U.S. patent application number 11/595866 was filed with the patent office on 2008-05-15 for information jack's circuit board layout.
Invention is credited to Yu Cheng Lin.
Application Number | 20080110670 11/595866 |
Document ID | / |
Family ID | 39368113 |
Filed Date | 2008-05-15 |
United States Patent
Application |
20080110670 |
Kind Code |
A1 |
Lin; Yu Cheng |
May 15, 2008 |
Information jack's circuit board layout
Abstract
A double-sided printed circuit board (PCB) layout for an
information jack has an information jack terminal and an IDC wiring
terminal together with a number of pairs of condensers, a number of
pairs of power inducers, main lead wires, a number of pairs of
leads, and extension lead wires. The PCB contains a circuit lead
wire structure for the jack terminal and for the IDC wiring
terminal and eight pins for each terminal separated into pairs
wherein pair one is comprised of pins 4 and 5 and pair three is
comprised of pins 3 and 6. Pair one's 4, 5 pins and Pair three's 3,
6 pins are separated and located on different sides of the PCB. In
this way the power inducting effect and power condensing effect
generated from the main leads and extension leads are utilized to
achieve the objective of reducing cross-take and improving return
loss, thereby allowing the two to surpass Category 6 communications
protocols for improving correct signal transmission and maximizing
the product's overall operating yield.
Inventors: |
Lin; Yu Cheng; (Taoyung,
TW) |
Correspondence
Address: |
NATH & ASSOCIATES PLLC
112 South West Street
Alexandria
VA
22314
US
|
Family ID: |
39368113 |
Appl.

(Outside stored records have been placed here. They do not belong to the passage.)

(* Let $\mathcal{C}$ be a path category and let $\mathcal{D}$ be a class of display maps with weak (respectively strong) homotopy $\Pi$-types in $\mathcal{C}$. Let $\mathcal{I}$ be the class of isomorphisms in $\mathcal{C}$. Then $\mathcal{D} \cup \mathcal{I}$ is also a class of display maps with weak (respectively strong) homotopy $\Pi$-types.
   Context: A path category is a category with two classes of maps, fibrations and weak equivalences, such that: fibrations are closed under composition and contain the isomorphisms; pullbacks of fibrations along arbitrary maps exist and are fibrations; there is a terminal object and every map to it is a fibration; isomorphisms are weak equivalences; weak equivalences satisfy 2-out-of-6; every object $X$ has a path object, a factorisation of the diagonal as a weak equivalence $X \to PX$ followed by a fibration $(s,t): PX \to X\times X$; pullbacks of trivial fibrations are trivial fibrations; every trivial fibration has a section. For a fibration $p: Y \to A$ one similarly factors $Y \to Y\times_A Y$ to get a fibrewise path object $P_A Y$, and two maps $m, m': D \to Y$ over $A$ are fibrewise homotopic ($m \simeq_A m'$) if there is $H: D \to P_A Y$ with $(s,t)H = (m,m')$. Homotopy $\Pi$-types: given fibrations $g: C \to B$ and $f: B \to A$, a weak homotopy $\Pi$-type $\Pi_f(g)$ is a fibration $\pi: \Pi \to A$ with a map $\varepsilon: \Pi\times_A B \to C$ satisfying $g\varepsilon = $ the projection to $B$, such that for every map $h: D \to A$ and every $m: D\times_A B \to C$ with $gm$ equal to the projection to $B$, there is $k: D \to \Pi$ with $\pi k = h$ and $\varepsilon\circ(k\times_A B) \simeq_B m$; it is strong if moreover for any $k, k': D \to \Pi$ over $A$ with $\varepsilon(k\times_A B) \simeq_B \varepsilon(k'\times_A B)$ we have $k \simeq_A k'$. A class $\mathcal{D}$ of fibrations is a class of display maps with weak (strong) homotopy $\Pi$-types if: every identity map lies in $\mathcal{D}$; the pullback of a map in $\mathcal{D}$ along any map can be found in $\mathcal{D}$ (some pullback lies in $\mathcal{D}$); and for all composable $d: X \to I$, $e: I \to J$ in $\mathcal{D}$ a weak (strong) homotopy $\Pi$-type $\Pi_e(d)$ exists and can be found in $\mathcal{D}$. *)

theory Defs
  imports Main
begin

record ('o, 'm) cat =
  obj :: "'o set"
  arr :: "'m set"
  dm  :: "'m \<Rightarrow> 'o"
  cd  :: "'m \<Rightarrow> 'o"
  cmp :: "'m \<Rightarrow> 'm \<Rightarrow> 'm"   (* cmp C g f = g \<circ> f *)
  idt :: "'o \<Rightarrow> 'm"

definition hom :: "('o, 'm) cat \<Rightarrow> 'o \<Rightarrow> 'o \<Rightarrow> 'm set" where
  "hom C X Y = {f \<in> arr C. dm C f = X \<and> cd C f = Y}"

definition is_category :: "('o, 'm) cat \<Rightarrow> bool" where
  "is_category C \<longleftrightarrow>
     (\<forall>f \<in> arr C. dm C f \<in> obj C \<and> cd C f \<in> obj C) \<and>
     (\<forall>X \<in> obj C. idt C X \<in> hom C X X) \<and>
     (\<forall>f \<in> arr C. \<forall>g \<in> arr C. cd C f = dm C g \<longrightarrow>
         cmp C g f \<in> hom C (dm C f) (cd C g)) \<and>
     (\<forall>f \<in> arr C. cmp C f (idt C (dm C f)) = f \<and> cmp C (idt C (cd C f)) f = f) \<and>
     (\<forall>f \<in> arr C. \<forall>g \<in> arr C. \<forall>h \<in> arr C. cd C f = dm C g \<longrightarrow> cd C g = dm C h \<longrightarrow>
         cmp C h (cmp C g f) = cmp C (cmp C h g) f)"

definition isos :: "('o, 'm) cat \<Rightarrow> 'm set" where
  "isos C = {f \<in> arr C. \<exists>g \<in> hom C (cd C f) (dm C f).
               cmp C g f = idt C (dm C f) \<and> cmp C f g = idt C (cd C f)}"

text \<open>A pullback square: p1 : P \<rightarrow> X, p2 : P \<rightarrow> Y of f : X \<rightarrow> Z and g : Y \<rightarrow> Z
  (so p2 is the pullback of f along g).\<close>
definition is_pullback :: "('o, 'm) cat \<Rightarrow> 'm \<Rightarrow> 'm \<Rightarrow> 'o \<Rightarrow> 'm \<Rightarrow> 'm \<Rightarrow> bool" where
  "is_pullback C f g P p1 p2 \<longleftrightarrow>
     f \<in> arr C \<and> g \<in> arr C \<and> cd C f = cd C g \<and>
     p1 \<in> hom C P (dm C f) \<and> p2 \<in> hom C P (dm C g) \<and>
     cmp C f p1 = cmp C g p2 \<and>
     (\<forall>W a b. a \<in> hom C W (dm C f) \<longrightarrow> b \<in> hom C W (dm C g) \<longrightarrow> cmp C f a = cmp C g b \<longrightarrow>
        (\<exists>!u. u \<in> hom C W P \<and> cmp C p1 u = a \<and> cmp C p2 u = b))"

definition is_product :: "('o, 'm) cat \<Rightarrow> 'o \<Rightarrow> 'o \<Rightarrow> 'o \<Rightarrow> 'm \<Rightarrow> 'm \<Rightarrow> bool" where
  "is_product C X Y P p1 p2 \<longleftrightarrow>
     p1 \<in> hom C P X \<and> p2 \<in> hom C P Y \<and>
     (\<forall>W a b. a \<in> hom C W X \<longrightarrow> b \<in> hom C W Y \<longrightarrow>
        (\<exists>!u. u \<in> hom C W P \<and> cmp C p1 u = a \<and> cmp C p2 u = b))"

definition is_terminal :: "('o, 'm) cat \<Rightarrow> 'o \<Rightarrow> bool" where
  "is_terminal C T \<longleftrightarrow> T \<in> obj C \<and> (\<forall>X \<in> obj C. \<exists>!u. u \<in> hom C X T)"

definition two_out_of_six :: "('o, 'm) cat \<Rightarrow> 'm set \<Rightarrow> bool" where
  "two_out_of_six C We \<longleftrightarrow>
     (\<forall>f \<in> arr C. \<forall>g \<in> arr C. \<forall>h \<in> arr C. cd C f = dm C g \<longrightarrow> cd C g = dm C h \<longrightarrow>
        cmp C g f \<in> We \<longrightarrow> cmp C h g \<in> We \<longrightarrow>
        f \<in> We \<and> g \<in> We \<and> h \<in> We \<and> cmp C h (cmp C g f) \<in> We)"

definition path_category :: "('o, 'm) cat \<Rightarrow> 'm set \<Rightarrow> 'm set \<Rightarrow> bool" where
  "path_category C Fib We \<longleftrightarrow>
     is_category C \<and> Fib \<subseteq> arr C \<and> We \<subseteq> arr C \<and>
     \<comment> \<open>fibrations closed under composition and contain the isomorphisms\<close>
     (\<forall>f \<in> Fib. \<forall>g \<in> Fib. cd C f = dm C g \<longrightarrow> cmp C g f \<in> Fib) \<and>
     isos C \<subseteq> Fib \<and>
     \<comment> \<open>pullbacks of fibrations along arbitrary maps exist and are fibrations\<close>
     (\<forall>p \<in> Fib. \<forall>f \<in> arr C. cd C f = cd C p \<longrightarrow> (\<exists>P p1 p2. is_pullback C p f P p1 p2)) \<and>
     (\<forall>p \<in> Fib. \<forall>f P p1 p2. is_pullback C p f P p1 p2 \<longrightarrow> p2 \<in> Fib) \<and>
     \<comment> \<open>terminal object, every map to it is a fibration\<close>
     (\<exists>T. is_terminal C T \<and> (\<forall>X \<in> obj C. \<forall>u \<in> hom C X T. u \<in> Fib)) \<and>
     \<comment> \<open>isomorphisms are weak equivalences; 2-out-of-6\<close>
     isos C \<subseteq> We \<and>
     two_out_of_six C We \<and>
     \<comment> \<open>path objects\<close>
     (\<forall>X \<in> obj C. \<exists>Q q1 q2 P w q.
        is_product C X X Q q1 q2 \<and> w \<in> hom C X P \<and> w \<in> We \<and>
        q \<in> hom C P Q \<and> q \<in> Fib \<and>
        cmp C q1 (cmp C q w) = idt C X \<and> cmp C q2 (cmp C q w) = idt C X) \<and>
     \<comment> \<open>pullbacks of trivial fibrations are trivial fibrations\<close>
     (\<forall>p \<in> Fib \<inter> We. \<forall>f P p1 p2. is_pullback C p f P p1 p2 \<longrightarrow> p2 \<in> We) \<and>
     \<comment> \<open>every trivial fibration has a section\<close>
     (\<forall>p \<in> Fib \<inter> We. \<exists>s \<in> hom C (cd C p) (dm C p). cmp C p s = idt C (cd C p))"

text \<open>For a fibration p : Y \<rightarrow> A: a factorisation of the diagonal Y \<rightarrow> Y \<times>_A Y
  as a weak equivalence w : Y \<rightarrow> P followed by a fibration q : P \<rightarrow> Y \<times>_A Y = Q.\<close>
definition fw_path_obj ::
  "('o, 'm) cat \<Rightarrow> 'm set \<Rightarrow> 'm set \<Rightarrow> 'm \<Rightarrow> 'o \<Rightarrow> 'm \<Rightarrow> 'm \<Rightarrow> 'o \<Rightarrow> 'm \<Rightarrow> 'm \<Rightarrow> bool" where
  "fw_path_obj C Fib We p Q r1 r2 P w q \<longleftrightarrow>
     is_pullback C p p Q r1 r2 \<and>
     w \<in> hom C (dm C p) P \<and> w \<in> We \<and> q \<in> hom C P Q \<and> q \<in> Fib \<and>
     cmp C r1 (cmp C q w) = idt C (dm C p) \<and> cmp C r2 (cmp C q w) = idt C (dm C p)"

definition fw_htpy :: "('o, 'm) cat \<Rightarrow> 'm set \<Rightarrow> 'm set \<Rightarrow> 'm \<Rightarrow> 'm \<Rightarrow> 'm \<Rightarrow> bool" where
  "fw_htpy C Fib We p m m' \<longleftrightarrow>
     p \<in> Fib \<and> m \<in> arr C \<and> m' \<in> arr C \<and> dm C m = dm C m' \<and>
     cd C m = dm C p \<and> cd C m' = dm C p \<and> cmp C p m = cmp C p m' \<and>
     (\<exists>Q r1 r2 P w q H. fw_path_obj C Fib We p Q r1 r2 P w q \<and>
        H \<in> hom C (dm C m) P \<and>
        cmp C r1 (cmp C q H) = m \<and> cmp C r2 (cmp C q H) = m')"

text \<open>Data for \<Pi>_f(g), f : B \<rightarrow> A, g : C \<rightarrow> B: pi : Pi \<rightarrow> A, a pullback
  (PB, e1 : PB \<rightarrow> Pi, e2 : PB \<rightarrow> B) = Pi \<times>_A B, and eps : PB \<rightarrow> C.\<close>
definition weak_pi_type ::
  "('o, 'm) cat \<Rightarrow> 'm set \<Rightarrow> 'm set \<Rightarrow> 'm \<Rightarrow> 'm \<Rightarrow> 'o \<Rightarrow> 'm \<Rightarrow> 'o \<Rightarrow> 'm \<Rightarrow> 'm \<Rightarrow> 'm \<Rightarrow> bool" where
  "weak_pi_type C Fib We f g Pi pi PB e1 e2 eps \<longleftrightarrow>
     f \<in> Fib \<and> g \<in> Fib \<and> cd C g = dm C f \<and>
     pi \<in> hom C Pi (cd C f) \<and> pi \<in> Fib \<and>
     is_pullback C pi f PB e1 e2 \<and>
     eps \<in> hom C PB (dm C g) \<and> cmp C g eps = e2 \<and>
     (\<forall>D h DB q1 q2 m. h \<in> hom C D (cd C f) \<longrightarrow> is_pullback C h f DB q1 q2 \<longrightarrow>
        m \<in> hom C DB (dm C g) \<longrightarrow> cmp C g m = q2 \<longrightarrow>
        (\<exists>k \<in> hom C D Pi. cmp C pi k = h \<and>
           (\<exists>u \<in> hom C DB PB. cmp C e1 u = cmp C k q1 \<and> cmp C e2 u = q2 \<and>
              fw_htpy C Fib We g (cmp C eps u) m)))"

definition strong_pi_type ::
  "('o, 'm) cat \<Rightarrow> 'm set \<Rightarrow> 'm set \<Rightarrow> 'm \<Rightarrow> 'm \<Rightarrow> 'o \<Rightarrow> 'm \<Rightarrow> 'o \<Rightarrow> 'm \<Rightarrow> 'm \<Rightarrow> 'm \<Rightarrow> bool" where
  "strong_pi_type C Fib We f g Pi pi PB e1 e2 eps \<longleftrightarrow>
     weak_pi_type C Fib We f g Pi pi PB e1 e2 eps \<and>
     (\<forall>D k k' DB q1 q2 u u'. k \<in> hom C D Pi \<longrightarrow> k' \<in> hom C D Pi \<longrightarrow>
        cmp C pi k = cmp C pi k' \<longrightarrow> is_pullback C (cmp C pi k) f DB q1 q2 \<longrightarrow>
        u \<in> hom C DB PB \<longrightarrow> cmp C e1 u = cmp C k q1 \<longrightarrow> cmp C e2 u = q2 \<longrightarrow>
        u' \<in> hom C DB PB \<longrightarrow> cmp C e1 u' = cmp C k' q1 \<longrightarrow> cmp C e2 u' = q2 \<longrightarrow>
        fw_htpy C Fib We g (cmp C eps u) (cmp C eps u') \<longrightarrow>
        fw_htpy C Fib We pi k k')"

definition pi_type ::
  "bool \<Rightarrow> ('o, 'm) cat \<Rightarrow> 'm set \<Rightarrow> 'm set \<Rightarrow> 'm \<Rightarrow> 'm \<Rightarrow> 'o \<Rightarrow> 'm \<Rightarrow> 'o \<Rightarrow> 'm \<Rightarrow> 'm \<Rightarrow> 'm \<Rightarrow> bool" where
  "pi_type strong C Fib We f g Pi pi PB e1 e2 eps \<longleftrightarrow>
     (if strong then strong_pi_type C Fib We f g Pi pi PB e1 e2 eps
      else weak_pi_type C Fib We f g Pi pi PB e1 e2 eps)"

definition display_class :: "bool \<Rightarrow> ('o, 'm) cat \<Rightarrow> 'm set \<Rightarrow> 'm set \<Rightarrow> 'm set \<Rightarrow> bool" where
  "display_class strong C Fib We Dm \<longleftrightarrow>
     Dm \<subseteq> Fib \<and>
     (\<forall>X \<in> obj C. idt C X \<in> Dm) \<and>
     (\<forall>d \<in> Dm. \<forall>h \<in> arr C. cd C h = cd C d \<longrightarrow>
        (\<exists>P p1 p2. is_pullback C d h P p1 p2 \<and> p2 \<in> Dm)) \<and>
     (\<forall>d \<in> Dm. \<forall>e \<in> Dm. cd C d = dm C e \<longrightarrow>
        (\<exists>Pi pi PB e1 e2 eps. pi_type strong C Fib We e d Pi pi PB e1 e2 eps \<and> pi \<in> Dm))"

end

(*
  Pulling an isomorphism back along h, the leg over h can be taken to be the identity on the
  domain of h, and identities are display maps. For the Pi-types there are two new cases.
  If d is an isomorphism, Pi_e(d) is the identity on the codomain of e, with evaluation the
  inverse of d. If e is an isomorphism, Pi_e(d) is the pullback p2 of d along the inverse of e:
  its other leg p1 is an isomorphism and serves as evaluation, and p2 = e d p1, so homotopies
  over d are transported to homotopies over p2 along the isomorphisms p1 and e.
  Reflexivity of fibrewise homotopy needs a fibrewise path object, which the axioms only give
  for objects; for an isomorphism the identities form one, and for a display map d one is
  extracted from the Pi-type of d along an identity.
*)

theory Submission
  imports Defs
begin

definition inverse_arrows :: "('o, 'm) cat \<Rightarrow> 'm \<Rightarrow> 'm \<Rightarrow> bool" where
  "inverse_arrows C f g \<longleftrightarrow> f \<in> arr C \<and> g \<in> arr C \<and> dm C g = cd C f \<and> cd C g = dm C f \<and>
     cmp C g f = idt C (dm C f) \<and> cmp C f g = idt C (cd C f)"

definition has_fw_path_obj :: "('o, 'm) cat \<Rightarrow> 'm set \<Rightarrow> 'm set \<Rightarrow> 'm \<Rightarrow> bool" where
  "has_fw_path_obj C Fib We p \<longleftrightarrow> (\<exists>Q r1 r2 P w q. fw_path_obj C Fib We p Q r1 r2 P w q)"

lemma isosI: "inverse_arrows C f g \<Longrightarrow> f \<in> isos C"
  unfolding isos_def inverse_arrows_def hom_def by blast

lemma isosE:
  assumes "f \<in> isos C"
  obtains g where "inverse_arrows C f g"
  using assms unfolding isos_def inverse_arrows_def hom_def by blast

lemma inverse_arrows_sym: "inverse_arrows C f g \<Longrightarrow> inverse_arrows C g f"
  unfolding inverse_arrows_def by auto

lemma inverse_arrowsD:
  assumes "inverse_arrows C f g"
  shows "f \<in> arr C" "g \<in> arr C" "dm C g = cd C f" "cd C g = dm C f"
    "cmp C g f = idt C (dm C f)" "cmp C f g = idt C (cd C f)"
  using assms unfolding inverse_arrows_def by auto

No.: |
11/595866 |
Filed: |
November 13, 2006 |
Current U.S.
Class: |
174/261 |
Current CPC
Class: |
H05K 1/162 20130101;
H05K 2201/10189 20130101; H05K 1/0228 20130101; H05K 2201/09236
20130101 |
Class at
Publication: |
174/261 |
International
Class: |
H01R 12/04 20060101
H01R012/04 |
Claims
1. A double sided Printed Circuit Board (PCB) layout comprised of:
an information jack having a number of pins configured into a
plurality of pairs of pins; an IDC terminal having a number of pins
configured into a plurality of pairs of pins; wherein a pair one of
said information jack pins is comprised of pins 4 and 5 and a pair
three of pins is comprised of pins 3 and 6, and wherein said pins 4
and 5 are separated and placed on different sides of said PCB and
said pins 3 and 6 are separated and placed on different sides of
said PCB; a number of main leads distributed on said two sides of
said PCB and connecting said information jack pins with said IDC
terminal pins such that the circuit board's information jack pins
and IDC terminal's pins are interconnected, and in particular a
pair one; a first and a second power condenser; a first and a
second power inducer; wherein one of said two power condensers and
one of said two power inducers are located on one side of said PCB
and are connected to at least one of said pins of said information
jack and to one of said pair one pins and one of said pair three
pins of said IDC terminal; and wherein the second power condenser
and the second power inducer are located on the second side of said
PCB and are connected to at least one of said pins of said
information jack and are connected to the second of said pair one
pins and the second of said pair three pins of said IDC terminal; a
third power condenser connected by a first extension lead and a
second extension lead to two respective pins on said information
jack, said third power condenser being a TT or an RR polarized
configured power condenser; and a fourth power condenser connected
by a third extension lead and a fourth extension lead to two
respective pins on said IDC terminal, said fourth power condenser
being a TR polarized configured power condenser.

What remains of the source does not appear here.